We know in the age of inquiry and design thinking that there are meaningful ways to plan out and execute schemes of work to tackle lack of student engagement. Although despite this, and no matter what we do, there are always going to be students that are bored, period. It is nature. It is human. And to be frankly honest, it is good.

Bored youth have changed the way music sounds, changed the way art is created, changed the way we speak, changed social customs, changed how we interact with technology and the world. Boredom propels us forward.

Ok, I better stop here and say I am not advocating a force fed style education. No, I believe in inquiry and engagement, as a performing arts specialist I would be somewhat hypocritical, and a lousy teacher! But what we have to acknowledge is that some students will always be bored if not in your class, somebody else’s.

This monotonous activity called school that they endure provides opportunity for the mind to wander, abstracting thought and making meaningful connections. It will spur them to connect with other like minded individuals. While the students that are engaged will hopefully be being led through processes to find connections and abstract thinking activities as well but the results will be different.

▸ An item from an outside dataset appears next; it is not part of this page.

(* Let $\alpha$ be a set with an involution $\tau$. For $a,b\in\alpha$ let $w_{a,b}$ denote the nanoword $(\{A,B\},ABAB)$ with $|A|=a$, $|B|=b$. If $\tau(a)\neq b$, then $w_{a,b}$ is not contractible. Two nanowords $w_{a,b}$ and $w_{a',b'}$ with $\tau(a)\neq b$ and $\tau(a')\neq b'$ are homotopic if and only if $a=a'$ and $b=b'$.
   Context: Fix a set $\alpha$ with an involution $\tau:\alpha\to\alpha$. An $\alpha$-alphabet is a set $\mathcal A$ with a map $\mathcal A\to\alpha$, $A\mapsto|A|$. A nanoword over $\alpha$ is a pair $(\mathcal A,w)$ where $\mathcal A$ is a finite $\alpha$-alphabet and $w$ is a word in the letters of $\mathcal A$ in which every letter of $\mathcal A$ occurs exactly twice; its length is the length of $w$. Two nanowords $(\mathcal A_1,w_1),(\mathcal A_2,w_2)$ are isomorphic if there is a bijection $f:\mathcal A_1\to\mathcal A_2$ with $|f(A)|=|A|$ for all $A$ and $w_2$ is obtained from $w_1$ by applying $f$ letterwise. Homotopy moves (here $x,y,z,t$ are words in the remaining letters, and smaller alphabets carry the restricted projection): (1) $(\mathcal A,xAAy)\mapsto(\mathcal A\setminus\{A\},xy)$; (2) $(\mathcal A,xAByBAz)\mapsto(\mathcal A\setminus\{A,B\},xyz)$ whenever $|B|=\tau(|A|)$; (3) $(\mathcal A,xAByACzBCt)\mapsto(\mathcal A,xBAyCAzCBt)$ whenever $A,B,C$ are distinct and $|A|=|B|=|C|$. Homotopy is the equivalence relation on nanowords generated by isomorphisms, these moves and their inverses. A nanoword is contractible if it is homotopic to the empty nanoword. *)

theory Defs
  imports Main
begin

Maybe it is possible to engage all and still provide the rebellious artistic output that characterises certain genres and generations. Although, I find it hard to picture learning environments with 100% captivated attention leading to powerfully music about disenfranchised youth who are misunderstood.

Boredom has its place. Boredom is a breeding ground for creative exploration. It’s is a launching pad for invention, reflection and inquisitiveness – because we look for ways to understand the world through our own eyes, and just entertain ourselves.

“A generation that cannot endure boredom will be a generation of little men, of men unduly divorced from the slow process of nature, of men in whom every vital impulse slowly withers as though they were cut flowers in a vase.” – Bertrand Russell (philosopher).

Let me reiterate, we should not be lazy and look to bore but we have to recognise that it is human condition. Some youth will always resent systems and authority. I just hope that boredom goes towards a positive outlet and if I can help direct it I will, but maybe I’m just getting in the way?